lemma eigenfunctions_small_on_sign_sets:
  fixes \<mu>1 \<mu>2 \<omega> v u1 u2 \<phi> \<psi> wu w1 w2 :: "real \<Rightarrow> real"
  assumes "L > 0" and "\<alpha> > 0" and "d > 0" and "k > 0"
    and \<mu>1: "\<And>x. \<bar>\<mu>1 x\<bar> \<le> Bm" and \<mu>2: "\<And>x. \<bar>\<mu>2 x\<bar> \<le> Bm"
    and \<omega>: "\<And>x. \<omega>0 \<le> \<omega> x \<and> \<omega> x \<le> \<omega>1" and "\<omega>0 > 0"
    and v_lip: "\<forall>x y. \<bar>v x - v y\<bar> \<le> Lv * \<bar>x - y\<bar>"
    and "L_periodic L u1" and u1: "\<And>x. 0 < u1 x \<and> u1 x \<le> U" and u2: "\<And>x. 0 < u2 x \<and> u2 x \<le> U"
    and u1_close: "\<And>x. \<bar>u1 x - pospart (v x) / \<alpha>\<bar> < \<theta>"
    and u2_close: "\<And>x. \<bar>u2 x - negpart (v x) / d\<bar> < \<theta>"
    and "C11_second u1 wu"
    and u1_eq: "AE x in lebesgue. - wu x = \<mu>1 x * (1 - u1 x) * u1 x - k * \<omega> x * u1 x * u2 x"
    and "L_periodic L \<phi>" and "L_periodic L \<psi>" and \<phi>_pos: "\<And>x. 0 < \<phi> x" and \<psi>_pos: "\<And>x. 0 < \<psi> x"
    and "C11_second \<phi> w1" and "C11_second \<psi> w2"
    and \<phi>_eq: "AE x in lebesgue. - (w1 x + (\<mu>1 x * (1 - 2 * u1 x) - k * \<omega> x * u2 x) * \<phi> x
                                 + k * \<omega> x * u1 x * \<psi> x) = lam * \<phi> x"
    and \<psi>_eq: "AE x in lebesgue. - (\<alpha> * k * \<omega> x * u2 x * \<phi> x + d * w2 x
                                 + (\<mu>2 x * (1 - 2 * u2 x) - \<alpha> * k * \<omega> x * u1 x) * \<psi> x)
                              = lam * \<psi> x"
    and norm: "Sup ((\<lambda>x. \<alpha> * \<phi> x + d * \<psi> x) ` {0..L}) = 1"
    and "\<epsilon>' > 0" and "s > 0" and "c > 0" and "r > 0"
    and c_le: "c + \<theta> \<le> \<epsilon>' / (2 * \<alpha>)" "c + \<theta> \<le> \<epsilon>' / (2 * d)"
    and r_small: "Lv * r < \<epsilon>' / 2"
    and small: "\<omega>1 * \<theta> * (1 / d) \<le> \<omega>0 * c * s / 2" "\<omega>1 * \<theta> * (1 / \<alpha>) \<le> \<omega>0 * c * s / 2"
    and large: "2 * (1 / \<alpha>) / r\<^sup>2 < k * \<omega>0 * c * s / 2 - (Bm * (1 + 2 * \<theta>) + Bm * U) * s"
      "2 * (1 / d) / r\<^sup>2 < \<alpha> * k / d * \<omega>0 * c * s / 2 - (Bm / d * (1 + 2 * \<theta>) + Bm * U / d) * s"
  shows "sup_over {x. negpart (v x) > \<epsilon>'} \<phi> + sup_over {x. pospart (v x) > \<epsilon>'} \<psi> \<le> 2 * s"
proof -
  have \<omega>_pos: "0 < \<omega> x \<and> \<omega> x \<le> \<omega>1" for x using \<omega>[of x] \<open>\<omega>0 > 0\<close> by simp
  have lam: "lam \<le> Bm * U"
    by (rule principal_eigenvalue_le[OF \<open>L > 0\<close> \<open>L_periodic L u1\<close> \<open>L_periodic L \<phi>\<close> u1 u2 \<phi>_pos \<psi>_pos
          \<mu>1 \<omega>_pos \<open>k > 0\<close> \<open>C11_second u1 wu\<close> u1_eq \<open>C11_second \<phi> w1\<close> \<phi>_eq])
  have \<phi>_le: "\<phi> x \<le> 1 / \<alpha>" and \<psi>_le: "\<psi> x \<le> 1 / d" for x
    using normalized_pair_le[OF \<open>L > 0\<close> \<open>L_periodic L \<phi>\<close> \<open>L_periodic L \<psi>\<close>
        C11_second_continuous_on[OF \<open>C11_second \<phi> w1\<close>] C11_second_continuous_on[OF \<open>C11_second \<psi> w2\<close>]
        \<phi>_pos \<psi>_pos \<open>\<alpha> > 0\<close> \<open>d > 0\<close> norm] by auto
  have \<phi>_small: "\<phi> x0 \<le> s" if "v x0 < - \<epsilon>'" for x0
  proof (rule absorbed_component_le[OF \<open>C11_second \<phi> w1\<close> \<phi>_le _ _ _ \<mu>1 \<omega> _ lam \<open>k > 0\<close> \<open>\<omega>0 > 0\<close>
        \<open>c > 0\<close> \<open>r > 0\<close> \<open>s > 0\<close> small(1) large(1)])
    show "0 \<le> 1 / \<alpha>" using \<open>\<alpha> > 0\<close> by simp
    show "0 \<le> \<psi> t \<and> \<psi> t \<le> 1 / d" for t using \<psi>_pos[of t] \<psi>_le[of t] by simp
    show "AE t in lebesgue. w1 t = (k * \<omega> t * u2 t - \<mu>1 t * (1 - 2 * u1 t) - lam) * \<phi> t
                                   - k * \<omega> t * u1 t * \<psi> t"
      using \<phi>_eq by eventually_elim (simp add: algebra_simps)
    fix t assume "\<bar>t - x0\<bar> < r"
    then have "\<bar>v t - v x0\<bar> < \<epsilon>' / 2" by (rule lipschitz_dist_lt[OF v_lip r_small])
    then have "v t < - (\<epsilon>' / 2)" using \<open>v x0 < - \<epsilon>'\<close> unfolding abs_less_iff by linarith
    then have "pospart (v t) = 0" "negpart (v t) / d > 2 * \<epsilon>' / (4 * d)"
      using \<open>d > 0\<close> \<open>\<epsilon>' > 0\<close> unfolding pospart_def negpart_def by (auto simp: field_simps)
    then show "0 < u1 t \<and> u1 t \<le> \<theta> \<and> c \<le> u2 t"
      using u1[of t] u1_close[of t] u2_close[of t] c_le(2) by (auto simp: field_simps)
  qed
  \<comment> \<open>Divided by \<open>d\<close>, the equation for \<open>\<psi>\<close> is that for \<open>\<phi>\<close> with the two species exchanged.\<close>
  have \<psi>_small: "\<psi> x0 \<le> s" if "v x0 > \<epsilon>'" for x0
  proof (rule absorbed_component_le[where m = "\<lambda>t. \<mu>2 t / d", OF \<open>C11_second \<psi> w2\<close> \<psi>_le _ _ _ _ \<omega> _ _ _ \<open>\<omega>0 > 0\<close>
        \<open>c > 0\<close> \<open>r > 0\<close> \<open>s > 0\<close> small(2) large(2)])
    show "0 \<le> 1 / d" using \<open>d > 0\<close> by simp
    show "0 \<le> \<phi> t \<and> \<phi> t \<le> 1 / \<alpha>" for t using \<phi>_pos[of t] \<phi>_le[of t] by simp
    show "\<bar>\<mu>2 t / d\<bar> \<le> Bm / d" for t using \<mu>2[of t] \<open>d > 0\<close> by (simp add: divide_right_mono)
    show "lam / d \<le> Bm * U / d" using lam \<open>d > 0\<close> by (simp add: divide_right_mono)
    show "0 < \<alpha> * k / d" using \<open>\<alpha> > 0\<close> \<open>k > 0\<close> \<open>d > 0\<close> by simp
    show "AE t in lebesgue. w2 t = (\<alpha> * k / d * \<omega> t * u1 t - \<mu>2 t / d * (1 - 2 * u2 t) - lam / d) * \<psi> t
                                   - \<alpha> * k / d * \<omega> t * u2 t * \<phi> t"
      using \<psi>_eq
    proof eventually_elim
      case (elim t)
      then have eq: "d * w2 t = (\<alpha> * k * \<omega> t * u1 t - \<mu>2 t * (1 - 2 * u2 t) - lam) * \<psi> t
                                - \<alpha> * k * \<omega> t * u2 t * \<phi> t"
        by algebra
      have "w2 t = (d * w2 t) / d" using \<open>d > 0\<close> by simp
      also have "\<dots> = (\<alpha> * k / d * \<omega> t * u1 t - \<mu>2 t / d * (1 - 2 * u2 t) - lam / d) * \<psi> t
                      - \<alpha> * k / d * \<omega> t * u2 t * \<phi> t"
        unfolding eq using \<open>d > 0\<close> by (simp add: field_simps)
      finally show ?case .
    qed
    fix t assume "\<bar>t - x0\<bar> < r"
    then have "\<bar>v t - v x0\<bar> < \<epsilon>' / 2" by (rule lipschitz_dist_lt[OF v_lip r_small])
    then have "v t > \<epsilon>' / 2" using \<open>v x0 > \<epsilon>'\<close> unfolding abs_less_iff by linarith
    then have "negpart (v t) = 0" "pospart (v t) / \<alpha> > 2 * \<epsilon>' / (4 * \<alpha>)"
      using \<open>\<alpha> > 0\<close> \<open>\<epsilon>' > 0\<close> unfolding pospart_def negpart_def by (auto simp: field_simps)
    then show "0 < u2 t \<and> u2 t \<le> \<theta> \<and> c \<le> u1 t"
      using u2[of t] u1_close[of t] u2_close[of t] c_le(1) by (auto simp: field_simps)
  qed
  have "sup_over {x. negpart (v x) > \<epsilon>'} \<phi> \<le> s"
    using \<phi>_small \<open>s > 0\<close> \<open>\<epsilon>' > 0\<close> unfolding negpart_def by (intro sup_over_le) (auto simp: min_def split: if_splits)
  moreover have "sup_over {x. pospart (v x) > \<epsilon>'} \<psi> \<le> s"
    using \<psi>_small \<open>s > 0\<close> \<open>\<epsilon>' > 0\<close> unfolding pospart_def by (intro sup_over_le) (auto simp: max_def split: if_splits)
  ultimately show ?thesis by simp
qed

━━━━━━

EXERCISE DIRECTIONS: The response should be the listing above, limited to the lines between the one holding "- k * \<omega> t" and the one holding "t = (d * w2 t)", inclusive, reproduced exactly.

WRITTEN SOLUTION:
                                   - k * \<omega> t * u1 t * \<psi> t"
      using \<phi>_eq by eventually_elim (simp add: algebra_simps)
    fix t assume "\<bar>t - x0\<bar> < r"
    then have "\<bar>v t - v x0\<bar> < \<epsilon>' / 2" by (rule lipschitz_dist_lt[OF v_lip r_small])
    then have "v t < - (\<epsilon>' / 2)" using \<open>v x0 < - \<epsilon>'\<close> unfolding abs_less_iff by linarith
    then have "pospart (v t) = 0" "negpart (v t) / d > 2 * \<epsilon>' / (4 * d)"
      using \<open>d > 0\<close> \<open>\<epsilon>' > 0\<close> unfolding pospart_def negpart_def by (auto simp: field_simps)
    then show "0 < u1 t \<and> u1 t \<le> \<theta> \<and> c \<le> u2 t"
      using u1[of t] u1_close[of t] u2_close[of t] c_le(2) by (auto simp: field_simps)
  qed
  \<comment> \<open>Divided by \<open>d\<close>, the equation for \<open>\<psi>\<close> is that for \<open>\<phi>\<close> with the two species exchanged.\<close>
  have \<psi>_small: "\<psi> x0 \<le> s" if "v x0 > \<epsilon>'" for x0
  proof (rule absorbed_component_le[where m = "\<lambda>t. \<mu>2 t / d", OF \<open>C11_second \<psi> w2\<close> \<psi>_le _ _ _ _ \<omega> _ _ _ \<open>\<omega>0 > 0\<close>
        \<open>c > 0\<close> \<open>r > 0\<close> \<open>s > 0\<close> small(2) large(2)])
    show "0 \<le> 1 / d" using \<open>d > 0\<close> by simp
    show "0 \<le> \<phi> t \<and> \<phi> t \<le> 1 / \<alpha>" for t using \<phi>_pos[of t] \<phi>_le[of t] by simp
    show "\<bar>\<mu>2 t / d\<bar> \<le> Bm / d" for t using \<mu>2[of t] \<open>d > 0\<close> by (simp add: divide_right_mono)
    show "lam / d \<le> Bm * U / d" using lam \<open>d > 0\<close> by (simp add: divide_right_mono)
    show "0 < \<alpha> * k / d" using \<open>\<alpha> > 0\<close> \<open>k > 0\<close> \<open>d > 0\<close> by simp
    show "AE t in lebesgue. w2 t = (\<alpha> * k / d * \<omega> t * u1 t - \<mu>2 t / d * (1 - 2 * u2 t) - lam / d) * \<psi> t
                                   - \<alpha> * k / d * \<omega> t * u2 t * \<phi> t"
      using \<psi>_eq
    proof eventually_elim
      case (elim t)
      then have eq: "d * w2 t = (\<alpha> * k * \<omega> t * u1 t - \<mu>2 t * (1 - 2 * u2 t) - lam) * \<psi> t
                                - \<alpha> * k * \<omega> t * u2 t * \<phi> t"
        by algebra
      have "w2 t = (d * w2 t) / d" using \<open>d > 0\<close> by simp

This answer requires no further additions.